What isn’t working for you?
First of all thanks for motivating us for R&D , here is my question.
I was just trying different scheneriosn in corruption. I have created one database (5120kb datafile). just afer creating database i stopped sql server and open datafile in editplus. i delete few lines from lower part of datafile and followe these steps : MY Database is coming back to suspected
If Datafile is courrupted
select * from sys.databases — SUSPECT
1. EXEC sp_resetstatus ‘sus’
—-> Warning: You must recover this database prior to access.
2. dbcc checkdb (sus)
—-> Check statement aborted. Database contains deferred transactions.
—-> Datbase is still in suspect mode
3. ALTER DATABASE sus SET EMERGENCY
—-> Datbase is in emergency mode
4. ALTER DATABASE
sus SET SINGLE_USER
WITH ROLLBACK IMMEDIATE
5. DBCC CheckDB (‘sus’, REPAIR_ALLOW_DATA_LOSS)
Msg 5028, Level 16, State 4, Line 1
The system could not activate enough of the database to rebuild the log.
DBCC results for ‘SUS’.
CHECKDB found 0 allocation errors and 0 consistency errors in database ‘SUS’.
Msg 7909, Level 20, State 1, Line 1
The emergency-mode repair failed.You must restore from backup.
6.(Re-running same) DBCC CheckDB (‘sus’, REPAIR_ALLOW_DATA_LOSS)
—-> Database ‘SUS’ cannot be opened. It has been marked SUSPECT by recovery. See the SQL Server errorlog for more information.
—-> Database goes in suspect mode again
6. ALTER DATABASE sus SET MULTI_USER
Msg 926, Level 14, State 1, Line 1
Database ‘SUS’ cannot be opened. It has been marked SUSPECT by recovery. See the SQL Server errorlog for more information.
Msg 5069, Level 16, State 1, Line 1
ALTER DATABASE statement failed.
Msg 5125, Level 24, State 2, Line 1
File ‘C:\SUS.mdf’ appears to have been truncated by the operating system. Expected size is 5120 KB but actual size is 5112 KB.
Msg 3414, Level 21, State 1, Line 1
An error occurred during recovery, preventing the database ‘SUS’ (database ID 12) from restarting. Diagnose the recovery errors and fix them, or restore from a known good backup. If errors are not corrected or expected, contact Technical Support.
Ok – so what’s your question? EMERGENCY-mode repair is documented as not being infallible – you corrupted the data file in a way that prevented it working.
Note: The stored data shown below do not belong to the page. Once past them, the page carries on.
(* Let $\mathcal{G}$ be a causal diagram with observed endogenous variables $\mathbf{O}$ and latent endogenous variables $\mathbf{L}$, let $\Pi$ be a policy space, and let $\mathbf{Y}\subseteq\mathbf{V}$. If $\mathbf{Y}\cap\mathbf{L}\neq\emptyset$, then $P(\mathbf{y}\mid\mathrm{do}(\pi))$ is not identifiable with respect to $\langle\mathcal{G},\Pi\rangle$.
   Context: A structural causal model (SCM) $M = \langle \mathbf{U}, \mathbf{V}, \mathcal{F}, P(\mathbf{u})\rangle$ has exogenous variables $\mathbf{U}$ drawn from $P(\mathbf{u})$, endogenous variables $\mathbf{V}$, and for each $V$ a function $V\leftarrow f_V(\mathrm{Pa}_V,U_V)$. A POSCM is $\langle M,\mathbf{O},\mathbf{L}\rangle$ with $\mathbf{O},\mathbf{L}$ a partition of $\mathbf{V}$ into observed and latent variables; $P(\mathbf{o})$ is the observational distribution. The causal diagram $\mathcal{G}$ has an arrow $V_j\to V_i$ when $V_j\in\mathrm{Pa}_{V_i}$ and a bidirected arrow $V_i\leftrightarrow V_j$ when $U_{V_i}\cap U_{V_j}\ne\emptyset$; $\mathcal{M}_{\langle\mathcal{G}\rangle}$ is the class of POSCMs with diagram $\mathcal{G}$. There is a distinguished action variable $X\in\mathbf{O}$; $\mathcal{G}_{\overline{X}}$ is $\mathcal{G}$ with arrows into $X$ removed. A policy space $\Pi$ is determined by covariates $\mathrm{Pa}(\Pi)\subseteq\mathbf{O}\setminus\mathrm{De}(X)_{\mathcal{G}_{\overline{X}}}$ and consists of all maps $\pi(x\mid\mathrm{pa}(\Pi))$ to distributions over $X$. $\mathrm{do}(\pi)$ replaces $f_X$ by drawing $X\sim\pi$: $P(\mathbf{v}\mid\mathrm{do}(\pi))=\sum_{\mathbf{u}}P(\mathbf{u})\prod_{V\ne X}P(v\mid\mathrm{pa}_V,u_V)\pi(x\mid\mathrm{pa}(\Pi))$. $P(\mathbf{y}\mid\mathrm{do}(\pi))$ is identifiable w.r.t. $\langle\mathcal{G},\Pi\rangle$ if $P(\mathbf{y}\mid\mathrm{do}(\pi);M)$ is uniquely computable from $P(\mathbf{o};M)$ and $\pi$ for every $M\in\mathcal{M}_{\langle\mathcal{G}\rangle}$ and every $\pi\in\Pi$. *)

theory Defs
  imports "HOL-Probability.Probability"
begin

text \<open>
  Endogenous variables are indexed by a finite
  type 'v and take values in a finite type 'a.  Exogenous variables are indexed by
  nat and take values in nat; an exogenous configuration is u :: nat => nat and
  P(u) is a pmf on such configurations (exogenous variables mutually independent).
  U_V is the set of exogenous indices feeding V; Pa_V its endogenous parents.
\<close>

record ('v, 'a) scm =
  PU   :: "(nat \<Rightarrow> nat) pmf"
  Uset :: "'v \<Rightarrow> nat set"
  Pa   :: "'v \<Rightarrow> 'v set"
  F    :: "'v \<Rightarrow> ('v \<Rightarrow> 'a) \<Rightarrow> (nat \<Rightarrow> nat) \<Rightarrow> 'a"

text \<open>Causal diagram: directed edges D W V (W -> V), bidirected edges B V W.\<close>

definition has_diagram ::
  "('v \<Rightarrow> 'v \<Rightarrow> bool) \<Rightarrow> ('v \<Rightarrow> 'v \<Rightarrow> bool) \<Rightarrow> ('v, 'a) scm \<Rightarrow> bool" where
  "has_diagram D B M \<longleftrightarrow>
     (\<forall>V. Pa M V = {W. D W V}) \<and>
     (\<forall>V W. V \<noteq> W \<longrightarrow> (B V W \<longleftrightarrow> Uset M V \<inter> Uset M W \<noteq> {})) \<and>
     (\<forall>V v v' u u'. (\<forall>W\<in>Pa M V. v W = v' W) \<longrightarrow> (\<forall>k\<in>Uset M V. u k = u' k)
         \<longrightarrow> F M V v u = F M V v' u') \<and>
     prob_space.indep_vars (measure_pmf (PU M)) (\<lambda>_. count_space UNIV) (\<lambda>k u. u k) UNIV"

definition joint :: "('v::finite, 'a) scm \<Rightarrow> ('v \<Rightarrow> 'a) \<Rightarrow> real" where
  "joint M v = measure_pmf.expectation (PU M)
     (\<lambda>u. \<Prod>W\<in>UNIV. if v W = F M W v u then 1 else 0)"

text \<open>P(v | do(pi)): X's mechanism is replaced by the policy pi (a map from
  assignments to distributions over X that only reads the covariates).\<close>

definition joint_do ::
  "('v::finite, 'a) scm \<Rightarrow> 'v \<Rightarrow> (('v \<Rightarrow> 'a) \<Rightarrow> 'a pmf) \<Rightarrow> ('v \<Rightarrow> 'a) \<Rightarrow> real" where
  "joint_do M X \<pi> v = measure_pmf.expectation (PU M)
     (\<lambda>u. (\<Prod>W\<in>UNIV - {X}. if v W = F M W v u then 1 else 0) * pmf (\<pi> v) (v X))"

text \<open>Marginals: P(o) and P(y | do(pi)); o, y are given as assignments, only their
  values on Obs (resp. Y) matter.\<close>

definition obs_marg :: "('v::finite, 'a::finite) scm \<Rightarrow> 'v set \<Rightarrow> ('v \<Rightarrow> 'a) \<Rightarrow> real" where
  "obs_marg M Obs w = (\<Sum>v\<in>{v. \<forall>W\<in>Obs. v W = w W}. joint M v)"

definition do_marg ::
  "('v::finite, 'a::finite) scm \<Rightarrow> 'v \<Rightarrow> (('v \<Rightarrow> 'a) \<Rightarrow> 'a pmf) \<Rightarrow> 'v set \<Rightarrow> ('v \<Rightarrow> 'a) \<Rightarrow> real" where
  "do_marg M X \<pi> Y y = (\<Sum>v\<in>{v. \<forall>W\<in>Y. v W = y W}. joint_do M X \<pi> v)"

text \<open>Descendants of X in the diagram with arrows into X removed (includes X).\<close>

definition desc_cut :: "('v \<Rightarrow> 'v \<Rightarrow> bool) \<Rightarrow> 'v \<Rightarrow> 'v set" where
  "desc_cut D X = {W. (X, W) \<in> {(a, b). D a b \<and> b \<noteq> X}\<^sup>*}"

text \<open>Policy space with covariates C = Pa(Pi): all pi depending only on C.\<close>

definition in_policy_space :: "'v set \<Rightarrow> (('v \<Rightarrow> 'a) \<Rightarrow> 'a pmf) \<Rightarrow> bool" where
  "in_policy_space C \<pi> \<longleftrightarrow> (\<forall>v v'. (\<forall>W\<in>C. v W = v' W) \<longrightarrow> \<pi> v = \<pi> v')"

definition identifiable ::
  "'a::finite itself \<Rightarrow> ('v::finite \<Rightarrow> 'v \<Rightarrow> bool) \<Rightarrow> ('v \<Rightarrow> 'v \<Rightarrow> bool) \<Rightarrow> 'v set
     \<Rightarrow> 'v \<Rightarrow> 'v set \<Rightarrow> 'v set \<Rightarrow> bool" where
  "identifiable ty D B Obs X C Y \<longleftrightarrow>
     (\<forall>(M1 :: ('v, 'a) scm) (M2 :: ('v, 'a) scm).
        has_diagram D B M1 \<and> has_diagram D B M2 \<and> (\<forall>w. obs_marg M1 Obs w = obs_marg M2 Obs w)
        \<longrightarrow> (\<forall>\<pi>. in_policy_space C \<pi> \<longrightarrow> (\<forall>y. do_marg M1 X \<pi> Y y = do_marg M2 X \<pi> Y y)))"

end

theory Submission
  imports Defs
begin

text \<open>
  A latent variable leaves no trace in \<open>P(o)\<close> but may belong to \<open>Y\<close>. Take two models
  whose mechanisms are constant, with a degenerate exogenous distribution, that differ only
  in the value of a latent \<open>L \<in> Y\<close>: their observational distributions coincide, while
  under a constant policy \<open>P(y | do(\<pi>))\<close> is a point mass at two assignments that disagree
  on \<open>L\<close>. Any diagram is realised by such models: the parents are read off the diagram, and
  each bidirected edge is given its own exogenous index.
\<close>

lemma indep_vars_return_pmf:
  "prob_space.indep_vars (measure_pmf (return_pmf x)) (\<lambda>_. count_space UNIV) X I"
  unfolding prob_space.indep_vars_def2[OF measure_pmf.prob_space_axioms]
proof (intro conjI ballI prob_space.indep_setsI[OF measure_pmf.prob_space_axioms])
  fix A :: "_ \<Rightarrow> _ set" and J assume "finite J"
  show "measure_pmf.prob (return_pmf x) (\<Inter> (A ` J))
          = (\<Prod>j\<in>J. measure_pmf.prob (return_pmf x) (A j))"
  proof (cases "\<forall>j\<in>J. x \<in> A j")
    case False
    then obtain j where "j \<in> J" "x \<notin> A j" by auto
    then have "(\<Prod>j\<in>J. indicator (A j) x :: real) = 0"
      using \<open>finite J\<close> by (intro prod_zero) (auto intro!: bexI[of _ j])
    moreover from \<open>j \<in> J\<close> \<open>x \<notin> A j\<close> have "x \<notin> \<Inter> (A ` J)" by blast
    ultimately show ?thesis by (simp add: measure_return_pmf)
  qed (simp add: measure_return_pmf)
qed auto

lemma prod_indicator_all:
  assumes "finite S"
  shows "(\<Prod>x\<in>S. if P x then 1 else 0 :: 'b::comm_semiring_1) = (if \<forall>x\<in>S. P x then 1 else 0)"
  using assms by (simp add: prod_zero)

definition edge_codes :: "('v::countable \<Rightarrow> 'v \<Rightarrow> bool) \<Rightarrow> 'v \<Rightarrow> nat set" where
  "edge_codes B V =
     {prod_encode (to_nat V, to_nat W) | W. B V W} \<union> {prod_encode (to_nat W, to_nat V) | W. B V W}"

lemma edge_codes_meet_iff:
  assumes "V \<noteq> W" and sym: "\<forall>V W. B V W \<longleftrightarrow> B W V"
  shows "edge_codes B V \<inter> edge_codes B W \<noteq> {} \<longleftrightarrow> B V W"
proof
  assume "B V W"
  with sym have "prod_encode (to_nat V, to_nat W) \<in> edge_codes B V \<inter> edge_codes B W"
    unfolding edge_codes_def by blast
  then show "edge_codes B V \<inter> edge_codes B W \<noteq> {}" by blast
next
  assume "edge_codes B V \<inter> edge_codes B W \<noteq> {}"
  then obtain e where e: "e \<in> edge_codes B V" "e \<in> edge_codes B W" by blast
  from e(1) obtain W1 where
      W1: "B V W1" "e = prod_encode (to_nat V, to_nat W1) \<or> e = prod_encode (to_nat W1, to_nat V)"
    unfolding edge_codes_def by blast
  from e(2) obtain W2 where
      W2: "B W W2" "e = prod_encode (to_nat W, to_nat W2) \<or> e = prod_encode (to_nat W2, to_nat W)"
    unfolding edge_codes_def by blast
  from W1(2) W2(2) \<open>V \<noteq> W\<close> have "W1 = W" by (auto simp: prod_encode_eq)
  with W1(1) show "B V W" by simp
qed

definition constant_scm ::
  "('v::finite \<Rightarrow> 'v \<Rightarrow> bool) \<Rightarrow> ('v \<Rightarrow> 'v \<Rightarrow> bool) \<Rightarrow> ('v \<Rightarrow> 'a) \<Rightarrow> ('v, 'a) scm" where
  "constant_scm D B c =
     \<lparr>PU = return_pmf (\<lambda>_. 0), Uset = edge_codes B, Pa = (\<lambda>V. {W. D W V}), F = (\<lambda>V v u. c V)\<rparr>"

lemma has_diagram_constant_scm:
  assumes "\<forall>V W. B V W \<longleftrightarrow> B W V"
  shows "has_diagram D B (constant_scm D B c)"
  using edge_codes_meet_iff[OF _ assms] indep_vars_return_pmf
  unfolding has_diagram_def constant_scm_def by auto

lemma obs_marg_constant_scm:
  "obs_marg (constant_scm D B c) Obs w = (if \<forall>W\<in>Obs. c W = w W then 1 else 0)"
proof -
  have "joint (constant_scm D B c) v = (if v = c then 1 else 0)" for v
    unfolding joint_def constant_scm_def by (simp add: prod_indicator_all fun_eq_iff)
  then show ?thesis
    unfolding obs_marg_def by (simp add: sum.delta)
qed

lemma do_marg_constant_scm_constant_policy:
  "do_marg (constant_scm D B c) X (\<lambda>_. return_pmf a) Y y
     = (if \<forall>W\<in>Y. (c(X := a)) W = y W then 1 else 0)"
proof -
  have "joint_do (constant_scm D B c) X (\<lambda>_. return_pmf a) v = (if v = c(X := a) then 1 else 0)"
    for v
    unfolding joint_do_def constant_scm_def
    by (auto simp: prod_indicator_all fun_eq_iff indicator_def)
  then show ?thesis
    unfolding do_marg_def by (simp add: sum.delta)
qed

theorem corollary1:
  fixes D B :: "'v::finite \<Rightarrow> 'v \<Rightarrow> bool"
    and Obs C Y :: "'v set"
    and X :: 'v
  assumes "acyclic {(a, b). D a b}"
    and "\<forall>V W. B V W \<longleftrightarrow> B W V"
    and "\<forall>V. \<not> B V V"
    and "X \<in> Obs"
    and "C \<subseteq> Obs - desc_cut D X"
    and "CARD('a::finite) \<ge> 2"
    and "Y \<inter> (UNIV - Obs) \<noteq> {}"
  shows "\<not> identifiable TYPE('a) D B Obs X C Y"
proof
  assume identifiable: "identifiable TYPE('a) D B Obs X C Y"
  obtain L where "L \<in> Y" "L \<notin> Obs" using assms(7) by auto
  with assms(4) have "L \<noteq> X" by auto
  obtain a0 a1 :: 'a where "a0 \<noteq> a1" using assms(6) by (meson card_2_iff' ex_card)
  define c1 :: "'v \<Rightarrow> 'a" where "c1 = (\<lambda>_. a0)"
  define c2 where "c2 = c1(L := a1)"
  define \<pi> :: "('v \<Rightarrow> 'a) \<Rightarrow> 'a pmf" where "\<pi> = (\<lambda>_. return_pmf a0)"
  have "obs_marg (constant_scm D B c1) Obs w = obs_marg (constant_scm D B c2) Obs w" for w
    using \<open>L \<notin> Obs\<close> by (auto simp: obs_marg_constant_scm c2_def)
  moreover have "in_policy_space C \<pi>"
    unfolding in_policy_space_def \<pi>_def by simp
  ultimately have "do_marg (constant_scm D B c1) X \<pi> Y c1 = do_marg (constant_scm D B c2) X \<pi> Y c1"
    using identifiable has_diagram_constant_scm[OF assms(2)] unfolding identifiable_def by blast
  moreover have "do_marg (constant_scm D B c1) X \<pi> Y c1 = 1"
    by (simp add: \<pi>_def do_marg_constant_scm_constant_policy c1_def)
  moreover have "do_marg (constant_scm D B c2) X \<pi> Y c1 = 0"
    using \<open>L \<in> Y\<close> \<open>L \<noteq> X\<close> \<open>a0 \<noteq> a1\<close>
    by (auto simp: \<pi>_def do_marg_constant_scm_constant_policy c1_def c2_def)
  ultimately show False by simp
qed

end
If we change page_verify to None, can we read page failed with error 824.
No – as the buffer pool won’t test for page checksum or torn page failures.
I have set up alerts to pick up any 3043 error thrown by the backup jobs (which run WITH CHECKSUM). Early today we received one from a transaction log backup and a few minutes ago ran DBCC CHECKDB WITH NO_INFOMSGS on the database that had complained. It did not return any errors.
Could you explain what might have happened with the bad checksum that triggered the error?
Thanks in advance,
It’s likely that whatever corruption existed at the time the backup failed was no longer part of the database when you ran the DBCC CHECKDB. A page might have been deallocated, so DBCC CHECKDB wouldn’t have any cause to read it.
inin my case, I have a 580 GB .Bak file (.mdf, .ndf, ldf) corrupted.
do you know of a way to extract ndf only?
No, you can’t restore an NDF on it’s own from a backup without restoring the entire primary filegroup first.
Respected Paul sir,
Please I faced the issue where drive got full because of long running transaction in simple recovery model in sql 2012 and dB went into Recovery.(how the dB changed its state itself means it went offline and then online )
Please wnat to know when drive space was not there and it needed to rollback, it should have gone into recovery pending state , while it went into Recovery state.
What would have happened if the sufficient space wouldn’t be there while it started Recovery, it was waste of resources.
The log manager reserves enough space in the log to always be able to rollback transactions if the log runs out of space.